Speaking mostly for Gnome, but the colors, themes, icons...they always feel like they're missing that extra polish or something that you get from the commercial OSes. Everything just feels...clumsy. It may work, but it just isn't polished. And while I appreciate pushing new innovations both Unity and Gnome3 seem to be halfway there at best, leaving sort of mostly working setups.

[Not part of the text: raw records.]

lemma euler_inequality_component:
  assumes perm: "perm_on s S" and inv: "\<And>x. x \<in> S \<Longrightarrow> a x \<in> S \<and> a (a x) = x" and z: "z \<in> S"
  shows "orbit_count s (map_component s a S z) + orbit_count (s \<circ> a) (map_component s a S z)
    \<le> orbit_count a (map_component s a S z) + 2"
proof -
  let ?E = "map_graph s a S" and ?C = "map_component s a S z"
  have sS: "\<And>x. x \<in> S \<Longrightarrow> s x \<in> S" and aS: "\<And>x. x \<in> S \<Longrightarrow> a x \<in> S"
    using perm_on_mem[OF perm] inv by auto
  have CS: "?C \<subseteq> S" by (rule map_component_subset[OF sS aS z])
  have sC: "s x \<in> ?C" and aC: "a x \<in> ?C" if x: "x \<in> ?C" for x
    using map_component_step[OF x subsetD[OF CS x]] by auto
  have C_closed: "v \<in> ?C" if uv: "(u, v) \<in> ?E" and u: "u \<in> ?C" for u v
  proof -
    have "(z, u) \<in> ?E\<^sup>*" using u unfolding map_component_def by simp
    hence "(z, v) \<in> ?E\<^sup>*" using uv by (rule rtrancl_into_rtrancl)
    thus ?thesis unfolding map_component_def by simp
  qed
  have rest_closed: "v \<in> S - ?C" if uv: "(u, v) \<in> ?E" and u: "u \<in> S - ?C" for u v
  proof -
    have "(v, u) \<in> ?E" by (rule symD[OF sym_map_graph uv])
    hence "v \<notin> ?C" using u C_closed by blast
    moreover have "v \<in> S" using map_graph_mem[OF uv sS aS] by blast
    ultimately show ?thesis by blast
  qed
  have SC: "S - (S - ?C) = ?C" using CS by blast
  have conn: "(u, v) \<in> (map_graph s a ?C)\<^sup>*" if u: "u \<in> ?C" and v: "v \<in> ?C" for u v
  proof -
    have "(z, u) \<in> ?E\<^sup>*" "(z, v) \<in> ?E\<^sup>*" using u v unfolding map_component_def
      by auto
    hence path: "(u, v) \<in> ?E\<^sup>*" using symD[OF sym_rtrancl[OF sym_map_graph]] rtrancl_trans
      by metis
    have "u \<in> S - (S - ?C)" using u SC by simp
    from map_graph_rtrancl_restrict[OF rest_closed path this sS aS]
    have "(u, v) \<in> (map_graph s a (S - (S - ?C)))\<^sup>*" .
    thus ?thesis unfolding SC .
  qed
  show ?thesis
  proof (rule euler_inequality[OF perm_on_restrict(1)[OF perm CS sC] _ _ conn])
    fix x assume "x \<in> ?C"
    thus "a x \<in> ?C \<and> a (a x) = x" using aC inv CS by blast
  next
    show "?C \<noteq> {}" using map_component_self[of z s a S] by blast
  qed
qed

section \<open>Weakly labeled plane maps\<close>

locale plane_dart_map =
  fixes D :: "'d set" and alpha sigma :: "'d \<Rightarrow> 'd"
  assumes plane: "plane_map D alpha sigma"
begin

lemma finite_D: "finite D"
  using plane unfolding plane_map_def by blast

lemma alpha_mem: "d \<in> D \<Longrightarrow> alpha d \<in> D"
  using plane unfolding plane_map_def by blast

lemma alpha_alpha: "d \<in> D \<Longrightarrow> alpha (alpha d) = d"
  using plane unfolding plane_map_def by blast

lemma perm_sigma: "perm_on sigma D"
  using plane finite_D unfolding plane_map_def perm_on_def by blast

lemma sigma_mem: "d \<in> D \<Longrightarrow> sigma d \<in> D"
  using perm_on_mem[OF perm_sigma] .

lemma perm_alpha: "perm_on alpha D"
  by (rule perm_on_involution[OF finite_D]) (use alpha_mem alpha_alpha in blast)

lemma perm_face: "perm_on (sigma \<circ> alpha) D"
  by (rule perm_on_comp[OF perm_sigma perm_alpha])

lemma connected:
  "d \<in> D \<Longrightarrow> e \<in> D \<Longrightarrow> (d, e) \<in> ({(x, alpha x) | x. x \<in> D} \<union> {(x, sigma x) | x. x \<in> D})\<^sup>*"
  using plane unfolding plane_map_def by blast

lemma euler_formula:
  "int (orbit_count sigma D) - int (orbit_count alpha D) + int (orbit_count (sigma \<circ> alpha) D) = 2"
  using plane unfolding plane_map_def orbit_count_def map_vertices_def map_edges_def map_faces_def
  by blast

end

(* x is the dart at the tail of an arc of T_c or of a reversed arc of T_(1-c), see arc_tail_dart. *)
definition tail_dart :: "('d \<Rightarrow> nat) \<Rightarrow> ('d \<Rightarrow> 'd) \<Rightarrow> ('d \<Rightarrow> 'd) \<Rightarrow> nat \<Rightarrow> 'd \<Rightarrow> bool" where
  "tail_dart lab sigma alpha c x \<longleftrightarrow>
     (lab (alpha x) = c \<and> lab (sigma (alpha x)) = c) \<or> (lab x = 1 - c \<and> lab (sigma x) = 1 - c)"

locale weakly_labeled_map = plane_dart_map +
  fixes fo s0 s1 :: "'d set" and lab :: "'d \<Rightarrow> nat"
  assumes labeling: "weak_labeling D alpha sigma fo s0 s1 lab"
begin

lemma lab_01: "d \<in> D \<Longrightarrow> lab d = 0 \<or> lab d = 1"
  using labeling unfolding weak_labeling_def by blast

lemma lab_le_1: "d \<in> D \<Longrightarrow> lab d \<le> 1"
  using lab_01 by fastforce

lemma edge_rule: "d \<in> D \<Longrightarrow> (lab d = lab (sigma d)) \<noteq> (lab (alpha d) = lab (sigma (alpha d)))"
  using labeling unfolding weak_labeling_def by blast

lemma s0_vertex: "s0 \<in> orb sigma ` D" and s1_vertex: "s1 \<in> orb sigma ` D"
  using labeling unfolding weak_labeling_def map_vertices_def by blast+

Thing is, with Compiz and the wobbly windows stuff, it actually looked pretty sharp. Honestly, I think the more things I try the less I know what I want, just that what I have isn't exactly what I'm looking for!

Just my $.02.

Comment Exactly (Score 5, Insightful) 575

I've wondered the same thing as I've seen ads that pretty much every major school district in my area are touting iPads for every student next year. I love new shiny tech, but I feel like 'get of my lawn' curmudgeon being skeptical on the benefits of outfitting every kid with a free-to-use tablet. It's especially frustrating when in the same article about the local district offering iPads to everyone (via a technology-specific millage) that same district is still 500k in the hole after cutting $1 million by way of faculty layoffs.

I haven't looked, but is there research showing that giving every student an iPad improves something?